#### Records
lemma mean_free_energy_ge:
  assumes "N \<ge> 1" and "l \<ge> 1"
  shows "mean_free_energy N \<ge> mean_ln_hom_block l / l - (\<bar>mean_ln_hom_block l\<bar> + l * site_cost) / N
    - (ln_hom_block_bound l + l * site_cost) * resample_rate N"
proof -
  let ?A = "mean_ln_hom_block l" and ?B = "ln_hom_block_bound l + l * site_cost"
  have "(real (N div l) * ?A - N * (?B * resample_rate N) - l * site_cost) / N \<le> mean_free_energy N"
    unfolding mean_free_energy_def markov_expect_divide
    by (rule divide_right_mono[OF expect_ln_Zpart_ge[OF assms]]) simp
  moreover have "(real (N div l) * ?A - N * (?B * resample_rate N) - l * site_cost) / N =
      real (N div l) * ?A / N - ?B * resample_rate N - l * site_cost / N"
    using assms(1) by (simp add: field_simps)
  moreover have "(\<bar>?A\<bar> + l * site_cost) / N = \<bar>?A\<bar> / N + l * site_cost / N" by (simp add: add_divide_distrib)
  ultimately show ?thesis using div_mult_ratio_ge[OF assms, of ?A] by linarith
qed

lemma mean_ln_hom_block_tendsto: "(\<lambda>l. mean_ln_hom_block l / real l) \<longlonglongrightarrow> limit_free_energy"
proof -
  have "(\<lambda>l. \<Sum>x\<in>\<Sigma>. \<mu> x * (ln (hom_pf K (\<beta> * x + h) l) / real l)) \<longlonglongrightarrow>
      (\<Sum>x\<in>\<Sigma>. \<mu> x * hom_F K (\<beta> * x + h))"
    by (intro tendsto_sum tendsto_mult_left ln_hom_pf_tendsto)
  then show ?thesis
    unfolding mean_ln_hom_block_def ln_hom_block_def limit_free_energy_def
    by (simp add: sum_divide_distrib add.commute)
qed

lemma mean_free_energy_eventually_less:
  assumes "limit_free_energy < a"
  shows "eventually (\<lambda>N. mean_free_energy N < a) sequentially"
proof -
  define \<epsilon> where "\<epsilon> = a - limit_free_energy"
  have "\<epsilon> > 0" using assms unfolding \<epsilon>_def by simp
  have "(\<lambda>D. exp potential_bound * kernel_tail K D) \<longlonglongrightarrow> 0"
    using tendsto_mult_left[OF kernel_tail_tendsto_0[OF K_0 K_sums]] by simp
  from order_tendstoD(2)[OF this, of "\<epsilon>/2"]
  have "eventually (\<lambda>D. exp potential_bound * kernel_tail K D < \<epsilon>/2) sequentially"
    using \<open>\<epsilon> > 0\<close> by simp
  then obtain D where D: "exp potential_bound * kernel_tail K D < \<epsilon>/2"
    by (auto simp: eventually_sequentially)
  have "(\<lambda>N. exp potential_bound * (real D * resample_rate N)) \<longlonglongrightarrow> 0"
    using tendsto_mult_left[OF tendsto_mult_left[OF resample_rate_tendsto_0]] by simp
  from order_tendstoD(2)[OF this, of "\<epsilon>/2"]
  have "eventually (\<lambda>N. exp potential_bound * (real D * resample_rate N) < \<epsilon>/2) sequentially"
    using \<open>\<epsilon> > 0\<close> by simp
  then show ?thesis
    using eventually_ge_at_top[of 1]
  proof eventually_elim
    case (elim N)
    then show ?case
      using mean_free_energy_le[OF elim(2), of D] elim(1) D unfolding \<epsilon>_def by (simp add: algebra_simps)
  qed
qed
########
Assignment: Each record above must be given again exactly.

Exercise answer:
lemma mean_free_energy_ge:
  assumes "N \<ge> 1" and "l \<ge> 1"
  shows "mean_free_energy N \<ge> mean_ln_hom_block l / l - (\<bar>mean_ln_hom_block l\<bar> + l * site_cost) / N
    - (ln_hom_block_bound l + l * site_cost) * resample_rate N"
proof -
  let ?A = "mean_ln_hom_block l" and ?B = "ln_hom_block_bound l + l * site_cost"
  have "(real (N div l) * ?A - N * (?B * resample_rate N) - l * site_cost) / N \<le> mean_free_energy N"
    unfolding mean_free_energy_def markov_expect_divide
    by (rule divide_right_mono[OF expect_ln_Zpart_ge[OF assms]]) simp
  moreover have "(real (N div l) * ?A - N * (?B * resample_rate N) - l * site_cost) / N =
      real (N div l) * ?A / N - ?B * resample_rate N - l * site_cost / N"
    using assms(1) by (simp add: field_simps)
  moreover have "(\<bar>?A\<bar> + l * site_cost) / N = \<bar>?A\<bar> / N + l * site_cost / N" by (simp add: add_divide_distrib)
  ultimately show ?thesis using div_mult_ratio_ge[OF assms, of ?A] by linarith
qed

lemma mean_ln_hom_block_tendsto: "(\<lambda>l. mean_ln_hom_block l / real l) \<longlonglongrightarrow> limit_free_energy"
proof -
  have "(\<lambda>l. \<Sum>x\<in>\<Sigma>. \<mu> x * (ln (hom_pf K (\<beta> * x + h) l) / real l)) \<longlonglongrightarrow>
      (\<Sum>x\<in>\<Sigma>. \<mu> x * hom_F K (\<beta> * x + h))"
    by (intro tendsto_sum tendsto_mult_left ln_hom_pf_tendsto)
  then show ?thesis
    unfolding mean_ln_hom_block_def ln_hom_block_def limit_free_energy_def
    by (simp add: sum_divide_distrib add.commute)
qed

lemma mean_free_energy_eventually_less:
  assumes "limit_free_energy < a"
  shows "eventually (\<lambda>N. mean_free_energy N < a) sequentially"
proof -
  define \<epsilon> where "\<epsilon> = a - limit_free_energy"
  have "\<epsilon> > 0" using assms unfolding \<epsilon>_def by simp
  have "(\<lambda>D. exp potential_bound * kernel_tail K D) \<longlonglongrightarrow> 0"
    using tendsto_mult_left[OF kernel_tail_tendsto_0[OF K_0 K_sums]] by simp
  from order_tendstoD(2)[OF this, of "\<epsilon>/2"]
  have "eventually (\<lambda>D. exp potential_bound * kernel_tail K D < \<epsilon>/2) sequentially"
    using \<open>\<epsilon> > 0\<close> by simp
  then obtain D where D: "exp potential_bound * kernel_tail K D < \<epsilon>/2"
    by (auto simp: eventually_sequentially)
  have "(\<lambda>N. exp potential_bound * (real D * resample_rate N)) \<longlonglongrightarrow> 0"
    using tendsto_mult_left[OF tendsto_mult_left[OF resample_rate_tendsto_0]] by simp
  from order_tendstoD(2)[OF this, of "\<epsilon>/2"]
  have "eventually (\<lambda>N. exp potential_bound * (real D * resample_rate N) < \<epsilon>/2) sequentially"
    using \<open>\<epsilon> > 0\<close> by simp
  then show ?thesis
    using eventually_ge_at_top[of 1]
  proof eventually_elim
    case (elim N)
    then show ?case
      using mean_free_energy_le[OF elim(2), of D] elim(1) D unfolding \<epsilon>_def by (simp add: algebra_simps)
  qed
qed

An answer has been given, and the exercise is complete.